The stress strain that occurs in a multilayer thin film structure is large, and when processing, for example, by etching, the etching properties are significantly different (metal materials have a faster etching rate than oxide materials), so etching processability is It has become clear that there are some drawbacks.

[Means for solving problems]

A metal magnetic thin film layer and a metal nonmagnetic thin film layer are laminated.

〔Example〕

The drawing is an explanatory diagram of one embodiment of the magnetic material according to the present invention.

In the figure, 1 is a substrate made of a bulk nonmagnetic material such as ceramic, glass, or metal.

2a is made of permalloy, sendust alloy, amorphous metal, etc., formed by a thin film forming means such as dry plating means such as vapor deposition or sputtering, or wet plating means such as electric or electroless plating, on the surface of the substrate 1. It is a metal magnetic thin film layer with a thickness of about 100A to 1 μm made of a soft magnetic material.

Incidentally, 2b and 2c are also metal magnetic thin film layers having the same structure as 2a.

3a is formed by a thin film forming means similar to the above thin film forming means on the surface of the metal magnetic thin film layer 23, such as aluminum, molybdenum, tungsten, titanium, zirconium,
It is a metal nonmagnetic thin film layer with a thickness of about 10 to 1000 A made of a nonmagnetic metal material such as niobium, vanadium, chromium, tantalum, or hafnium.

Incidentally, 3b is also a metal nonmagnetic thin film layer having the same structure as 3a.

Etching processing of a laminated magnetic material configured as described above, for example, a laminated magnetic material in which permalloy is used as the material for the metal magnetic thin film layer, and aluminum or molybdenum is used as the material for the metal nonmagnetic thin film layer. The characteristics are
When a mixed solution of phosphoric acid, nitric acid, hydrochloric acid, and water is used as the etching solution, the metal magnetic thin film layer and the metal nonmagnetic thin film layer are simultaneously etched, resulting in good processing efficiency and processing characteristics.

In addition, since the metal magnetic thin film layer and the metal nonmagnetic thin film layer that make up the laminated magnetic material are both metal materials, there is not much difference in coefficient of thermal expansion. There is no large difference in coefficient of thermal expansion as in the case of using a physical non-magnetic material, so even if these thin film layers are laminated, stress strain is small, and the mechanical properties are excellent.
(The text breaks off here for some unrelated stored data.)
lemma pinned_chains_Suc:
  assumes "d \<noteq> 0"
  shows "pinned_chains (Suc m) d = (\<lambda>(xs, ys). (d # xs, inverse d # ys)) ` exchange_chains m d"
proof (intro set_eqI iffI)
  fix p assume "p \<in> pinned_chains (Suc m) d"
  then obtain x1 xs y ys where p: "p = (d # x1 # xs, y # ys)" "length xs = m"
    and "d * y = 1" "exchange_chain d (x1 # xs) ys"
    unfolding pinned_chains_def exchange_chains_def
    by (auto simp: length_Suc_conv elim: exchange_chain.elims)
  then show "p \<in> (\<lambda>(xs, ys). (d # xs, inverse d # ys)) ` exchange_chains m d"
    using inverse_unique by (force simp: exchange_chains_def)
next
  fix p assume "p \<in> (\<lambda>(xs, ys). (d # xs, inverse d # ys)) ` exchange_chains m d"
  then obtain x1 xs ys where "p = (d # x1 # xs, inverse d # ys)" "length xs = m"
    "exchange_chain d (x1 # xs) ys"
    unfolding exchange_chains_def by (auto simp: length_Suc_conv)
  with assms show "p \<in> pinned_chains (Suc m) d"
    unfolding pinned_chains_def exchange_chains_def by auto
qed

lemma card_pinned_chains_Suc:
  assumes "d \<noteq> 0"
  shows "card (pinned_chains (Suc m) d) = card (exchange_chains m d)"
  unfolding pinned_chains_Suc[OF assms] by (rule card_image) (auto intro!: inj_onI)

lemma exchange_chains_Suc:
  assumes "c \<noteq> 0"
  shows "exchange_chains (Suc n) c =
    (\<lambda>(x, xs, ys). (x # xs, ((1 + hd xs * c) / x) # ys))
      ` (SIGMA x:-{0}. exchange_chains n x)
    \<union> (\<lambda>(y, xs, ys). (0 # xs, y # ys)) ` (UNIV \<times> pinned_chains n (- inverse c))"
    (is "_ = ?nonzero \<union> ?zero")
proof (intro set_eqI iffI)
  fix p assume "p \<in> exchange_chains (Suc n) c"
  then obtain x x1 xs y ys where p: "p = (x # x1 # xs, y # ys)" "length xs = n"
    and exch: "x * y = 1 + x1 * c" and rest: "exchange_chain x (x1 # xs) ys"
    unfolding exchange_chains_def by (auto simp: length_Suc_conv elim: exchange_chain.elims)
  show "p \<in> ?nonzero \<union> ?zero"
  proof (cases "x = 0")
    case True
    with exch assms have "x1 = - inverse c" by (simp add: field_simps eq_neg_iff_add_eq_0)
    with True p rest show ?thesis
      by (auto simp: pinned_chains_def exchange_chains_def image_iff
          intro!: bexI[of _ "(y, x1 # xs, ys)"])
  next
    case False
    with exch have "y = (1 + x1 * c) / x" by (simp add: field_simps)
    with False p rest show ?thesis
      by (auto simp: exchange_chains_def image_iff intro!: bexI[of _ "(x, x1 # xs, ys)"])
  qed
next
  fix p assume "p \<in> ?nonzero \<union> ?zero"
  then show "p \<in> exchange_chains (Suc n) c"
  proof
    assume "p \<in> ?nonzero"
    then obtain x xs ys where "x \<noteq> 0" "(xs, ys) \<in> exchange_chains n x"
      and "p = (x # xs, ((1 + hd xs * c) / x) # ys)"
      by auto
    then show ?thesis by (auto simp: exchange_chains_def length_Suc_conv)
  next
    assume "p \<in> ?zero"
    then obtain y x1 xs ys where "p = (0 # x1 # xs, y # ys)" "x1 = - inverse c"
      "length xs = n" "exchange_chain 0 (x1 # xs) ys"
      by (auto simp: pinned_chains_def exchange_chains_def length_Suc_conv)
    with assms show ?thesis by (simp add: exchange_chains_def)
  qed
qed

lemma card_exchange_chains_Suc:
  fixes c :: "'a::{finite,field}"
  assumes "c \<noteq> 0"
  shows "card (exchange_chains (Suc n) c) =
    (\<Sum>x\<in>-{0::'a}. card (exchange_chains n x))
    + card (UNIV :: 'a set) * card (pinned_chains n (- inverse c))"
proof -
  let ?nonzero_top = "\<lambda>(x, xs, ys). (x # xs, ((1 + hd xs * c) / x) # ys)"
  let ?zero_top = "\<lambda>(y::'a, xs, ys). (0 # xs, y # ys)"
  have finite_pinned: "finite (pinned_chains n d)" for d :: 'a
    using finite_exchange_chains[of n 0] unfolding pinned_chains_def
    by (rule finite_subset[rotated]) auto
  have "card (exchange_chains (Suc n) c) =
      card (?nonzero_top ` (SIGMA x:-{0}. exchange_chains n x))
      + card (?zero_top ` (UNIV \<times> pinned_chains n (- inverse c)))"
    unfolding exchange_chains_Suc[OF assms]
    by (rule card_Un_disjoint)
       (auto intro!: finite_imageI simp: finite_exchange_chains finite_pinned)
  also have "\<dots> = card (SIGMA x:-{0::'a}. exchange_chains n x)
      + card ((UNIV :: 'a set) \<times> pinned_chains n (- inverse c))"
    by (subst (1 2) card_image) (auto intro!: inj_onI)
  also have "\<dots> = (\<Sum>x\<in>-{0::'a}. card (exchange_chains n x))
      + card (UNIV :: 'a set) * card (pinned_chains n (- inverse c))"
    by (subst card_SigmaI) (simp_all add: finite_exchange_chains card_cartesian_product)
  finally show ?thesis .
qed

lemma card_exchange_chains:
  fixes c :: "'a::{finite,field}"
  assumes "c \<noteq> 0"
  shows "card (exchange_chains n c) = card (UNIV :: 'a set) ^ Suc n"
  using assms
proof (induction n arbitrary: c rule: less_induct)
  case (less n)
  let ?q = "card (UNIV :: 'a set)"
  show ?case
  proof (cases n)
    case 0
    then show ?thesis by (simp add: exchange_chains_0 card_image inj_on_def)
  next
    case (Suc m)
    have "card (pinned_chains m (- inverse c)) = ?q ^ m"
    proof (cases m)
      case 0
      then show ?thesis by (simp add: pinned_chains_0)
    next
      case (Suc k)
      with less.IH[of k "- inverse c"] less.prems \<open>n = Suc m\<close> show ?thesis
        by (simp add: card_pinned_chains_Suc)
    qed
    moreover have "(\<Sum>x\<in>-{0::'a}. card (exchange_chains m x)) = (?q - 1) * ?q ^ Suc m"
      using less.IH[of m] Suc by (simp add: Compl_eq_Diff_UNIV card_Diff_singleton)
    moreover have "?q \<ge> 1"
      using finite_UNIV_card_ge_0[where 'a='a] by simp
    ultimately show ?thesis
      using card_exchange_chains_Suc[OF less.prems, of m] Suc by (simp add: algebra_simps)
  qed
qed

definition chain_of_point :: "nat \<Rightarrow> 'a list \<Rightarrow> 'a list \<times> 'a list" where
  "chain_of_point n p = (rev (take (Suc n) p), rev (drop (Suc n) p))"

definition point_of_chain :: "'a list \<times> 'a list \<Rightarrow> 'a list" where
  "point_of_chain = (\<lambda>(xs, ys). rev xs @ rev ys)"

lemma ball_atLeastAtMost_reflect:
  "(\<forall>i\<in>{1..n}. P i) \<longleftrightarrow> (\<forall>j<n. P (n - j :: nat))"
  by (metis atLeastAtMost_iff diff_diff_cancel diff_less diff_le_self less_one not_less
      zero_less_diff le_add_diff_inverse le_less_trans)

lemma mem_Z_A_iff_chain:
  assumes "length p = 2 * n + 1"
  shows "p \<in> Z_A n \<longleftrightarrow> chain_of_point n p \<in> exchange_chains n 1"
proof -
  let ?xs = "rev (take (Suc n) p)" and ?ys = "rev (drop (Suc n) p)"
  have xs: "?xs ! j = p ! (n - j)" if "j \<le> n" for j
    using assms that by (simp add: rev_nth)
  have ys: "?ys ! j = p ! (2 * n - j)" if "j < n" for j
    using assms that by (simp add: rev_nth Suc_diff_Suc[of j "n + n"] mult_2)
  have "exchange_chain 1 ?xs ?ys \<longleftrightarrow>
      (\<forall>j<n. p!(n-j) * p!(2*n-j) = 1 + p!(n-j-1) * (if j = 0 then 1 else p!(n-(j-1))))"
    using assms by (simp add: exchange_chain_iff_nth xs ys Suc_diff_Suc)
  also have "\<dots> \<longleftrightarrow> (\<forall>i\<in>{1..n}. p!i * p!(n+i) = 1 + p!(i-1) * (if i < n then p!(i+1) else 1))"
    unfolding ball_atLeastAtMost_reflect by (intro all_cong) (auto simp: mult_2 Suc_diff_le)
  finally show ?thesis
    using assms by (simp add: Z_A_def chain_of_point_def exchange_chains_def)
qed

lemma bij_betw_chain_of_point: "bij_betw (chain_of_point n) (Z_A n) (exchange_chains n 1)"
proof (rule bij_betw_byWitness[where f' = point_of_chain])
  show "\<forall>p\<in>Z_A n. point_of_chain (chain_of_point n p) = p"
    by (simp add: point_of_chain_def chain_of_point_def)
  show "\<forall>c\<in>exchange_chains n 1. chain_of_point n (point_of_chain c) = c"
    by (auto simp: point_of_chain_def chain_of_point_def exchange_chains_def)
  show "chain_of_point n ` Z_A n \<subseteq> exchange_chains n 1"
    using mem_Z_A_iff_chain length_of_mem_Z_A by blast
  show "point_of_chain ` exchange_chains n 1 \<subseteq> Z_A n"
  proof
    fix p assume "p \<in> point_of_chain ` exchange_chains n 1"
    then obtain c where c: "c \<in> exchange_chains n 1" "p = point_of_chain c" by blast
    then have "length p = 2 * n + 1" and "chain_of_point n p = c"
      by (auto simp: point_of_chain_def chain_of_point_def exchange_chains_def
          dest: exchange_chain_length)
    with c show "p \<in> Z_A n" by (simp add: mem_Z_A_iff_chain)
  qed
qed

lemma card_Z_A: "card (Z_A n :: 'a::{finite,field} list set) = card (UNIV :: 'a set) ^ Suc n"
proof -
  have "card (Z_A n :: 'a list set) = card (exchange_chains n (1::'a))"
    by (rule bij_betw_same_card[OF bij_betw_chain_of_point])
  then show ?thesis by (simp add: card_exchange_chains)
qed

theorem mainTheorem8:
  fixes n :: nat
  assumes "n \<ge> 1"
  shows "(Z_A n :: 'k::field list set) = Y_A n \<union> Z0_A n
         \<and> Y_A n \<inter> (Z0_A n :: 'k list set) = {}
         \<and> reg_iso (Y_A n :: 'k list set) (Y_A n)
         \<and> reg_iso (Z0_A n :: 'k list set) (Y_A (n - 1))
         \<and> card (Z_A n :: 'q::{finite,field} list set) = card (UNIV :: 'q set) ^ (n + 1)"
proof (intro conjI)
  obtain m where n: "n = Suc m"
    using assms by (cases n) auto
  show "Z_A n = Y_A n \<union> Z0_A n" and "Y_A n \<inter> Z0_A n = {}"
    by (auto simp: Y_A_def Z0_A_def)
  show "reg_iso (Y_A n) (Y_A n)"
    by (rule reg_iso_refl[where k = "2 * n + 1"]) (auto simp: Y_A_def length_of_mem_Z_A)
  show "reg_iso (Z0_A n) (Y_A (n - 1))"
    unfolding n by (simp add: reg_iso_Z0_A_Y_A)
  show "card (Z_A n :: 'q list set) = card (UNIV :: 'q set) ^ (n + 1)"
    by (simp add: card_Z_A)
qed

end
Furthermore, even if a metal material is used as the non-magnetic thin film material between the metal magnetic thin film layers, the thickness of the metal magnetic thin film layer is approximately 10OA-1μ.
m1 and the thickness of the metal nonmagnetic thin film layer is approximately 10 to 100 OA.
As the total thickness of each layer is increased, the magnetic properties are also significantly improved.

〔effect〕

It has improved magnetic properties, has good etching processing properties, has less stress strain between thin film layers, and has good mechanical properties.
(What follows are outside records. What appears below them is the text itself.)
(* Let $\mathbb{C}^*$ act on $\mathrm{Sp}(i_1,\dots,i_m)$ via its action on $V$ given by $t\cdot e_i=t^{-1}e_i$, $t\cdot f_i=tf_i$. Then $w\mapsto\mathcal F(w)$ is a bijection from the set of row strict tableaux of type $(i_1,\dots,i_m)$ onto the set of fixed points of this action on $\mathrm{Sp}(i_1,\dots,i_m)$.
   Context: Fix integers $n\ge 2k\ge 0$; $V$ is an $n$-dimensional complex vector space with basis $e_1,\dots,e_{n-k},f_1,\dots,f_k$ and $N$ is the nilpotent endomorphism $Ne_i=e_{i-1}$, $Nf_i=f_{i-1}$, $e_0=f_0=0$. For $0<i_1<\dots<i_m=n$, $\mathrm{Sp}(i_1,\dots,i_m)$ is the variety of partial flags $F_{i_1}\subset\dots\subset F_{i_m}$ ($\dim F_{i_l}=i_l$) with $NF_{i_l}\subset F_{i_{l-1}}$ for all $l$ ($F_{i_0}=\{0\}$). A row strict tableau of type $(i_1,\dots,i_m)$ is a two-row Young diagram, top row $n-k$ boxes, bottom row $k$ boxes, filled so that $i_l$ occurs exactly $i_l-i_{l-1}$ times ($i_0=0$) and entries strictly decrease along each row. For such $w$, $\mathcal F(w)$ is the partial flag with $\mathcal F_{i_l}(w)=\langle e_j,f_r: j\le t_{i_l},\ r\le b_{i_l}\rangle$, where $t_s$ (resp. $b_s$) is the number of entries $\le s$ in the top (resp. bottom) row of $w$. *)

theory Defs
  imports Complex_Main "HOL-Library.Function_Algebras"
begin

text \<open>The vector space V = C^n. A vector is a function on indices (True, j) (standing for e_j)
  and (False, r) (standing for f_r), supported on the index set below.\<close>

type_synonym vect = "bool \<times> nat \<Rightarrow> complex"

definition cscale :: "complex \<Rightarrow> vect \<Rightarrow> vect" where
  "cscale c v = (\<lambda>x. c * v x)"

definition csubspace :: "vect set \<Rightarrow> bool" where
  "csubspace = module.subspace cscale"

definition cspan :: "vect set \<Rightarrow> vect set" where
  "cspan = module.span cscale"

definition cdim :: "vect set \<Rightarrow> nat" where
  "cdim = vector_space.dim cscale"

definition bv :: "bool \<Rightarrow> nat \<Rightarrow> vect" where
  "bv b j = (\<lambda>x. if x = (b, j) then 1 else 0)"

definition Vsp :: "nat \<Rightarrow> nat \<Rightarrow> vect set" where
  "Vsp n k = cspan ({bv True j | j. 1 \<le> j \<and> j \<le> n - k} \<union> {bv False r | r. 1 \<le> r \<and> r \<le> k})"

text \<open>The nilpotent N: N e_j = e_{j-1}, N f_r = f_{r-1}, e_0 = f_0 = 0 (linear extension).\<close>
definition Nop :: "vect \<Rightarrow> vect" where
  "Nop v = (\<lambda>(b, j). if j = 0 then 0 else v (b, Suc j))"

text \<open>A type (i_1,...,i_m) is given as the list [i_1,...,i_m]; i_0 = 0.\<close>
definition valid_type :: "nat \<Rightarrow> nat list \<Rightarrow> bool" where
  "valid_type n ty \<longleftrightarrow> ty \<noteq> [] \<and> 0 < hd ty \<and> sorted_wrt (<) ty \<and> last ty = n"

definition prevd :: "nat list \<Rightarrow> nat \<Rightarrow> nat" where
  "prevd ty l = (if l = 0 then 0 else ty ! (l - 1))"

text \<open>Spaltenstein variety Sp(i_1,...,i_m): a flag is the list [F_{i_1},...,F_{i_m}], F_{i_0} = {0}.\<close>
definition Sp :: "nat \<Rightarrow> nat \<Rightarrow> nat list \<Rightarrow> vect set list set" where
  "Sp n k ty = {Fs. length Fs = length ty \<and>
     (\<forall>l < length ty. csubspace (Fs ! l) \<and> Fs ! l \<subseteq> Vsp n k \<and> cdim (Fs ! l) = ty ! l) \<and>
     (\<forall>l. Suc l < length ty \<longrightarrow> Fs ! l \<subseteq> Fs ! Suc l) \<and>
     (\<forall>l < length ty. Nop ` (Fs ! l) \<subseteq> (if l = 0 then {0} else Fs ! (l - 1)))}"

text \<open>Row strict tableaux: pair (top row, bottom row), rows read left to right.\<close>
definition row_strict_tableaux :: "nat \<Rightarrow> nat \<Rightarrow> nat list \<Rightarrow> (nat list \<times> nat list) set" where
  "row_strict_tableaux n k ty = {(top, bot). length top = n - k \<and> length bot = k \<and>
     set (top @ bot) \<subseteq> set ty \<and>
     (\<forall>l < length ty. count_list (top @ bot) (ty ! l) = ty ! l - prevd ty l) \<and>
     sorted_wrt (>) top \<and> sorted_wrt (>) bot}"

definition tflag :: "nat list \<Rightarrow> nat list \<times> nat list \<Rightarrow> vect set list" where
  "tflag ty w = map (\<lambda>s. cspan ({bv True j | j. 1 \<le> j \<and> j \<le> length (filter (\<lambda>x. x \<le> s) (fst w))}
        \<union> {bv False r | r. 1 \<le> r \<and> r \<le> length (filter (\<lambda>x. x \<le> s) (snd w))})) ty"

definition cact :: "complex \<Rightarrow> vect \<Rightarrow> vect" where
  "cact t v = (\<lambda>(b, j). (if b then inverse t else t) * v (b, j))"

definition flag_act :: "complex \<Rightarrow> vect set list \<Rightarrow> vect set list" where
  "flag_act t Fs = map (\<lambda>F. cact t ` F) Fs"

end

theory Submission
  imports Defs
begin

text \<open>
  A subspace fixed by the torus is the sum of its e-part and its f-part, since t = 2 acts by
  different scalars on the two weights. If it is also N-stable, each part is an initial segment
  span{e_1..e_a} resp. span{f_1..f_b}, because N lowers the top index of a vector by one. Hence the
  fixed flags in Sp are exactly the coordinate flags given by two sequences with a_l + b_l = i_l,
  bounded by n - k and k, that grow by 0 or 1 at each step (the latter is N F_{i_l} \<subseteq> F_{i_{l-1}}).
  Such pairs of sequences correspond to row strict tableaux: a_l and b_l count the entries \<le> i_l
  in the top and bottom row, and i_l lies in the top row exactly when a jumps at l.
\<close>

interpretation cv: vector_space cscale
  by unfold_locales (auto simp: cscale_def algebra_simps fun_eq_iff)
[Brief explanation of drawings]

The drawing is an explanatory diagram of one embodiment of the magnetic material according to the present invention. 2a, 2b, 2c...metal magnetic thin film layer, 3a
, 3b...Metal nonmagnetic thin film layer.

Claims (1)

[Claims] A magnetic material characterized by having a laminated structure of a metal magnetic thin film layer and a metal nonmagnetic thin film layer.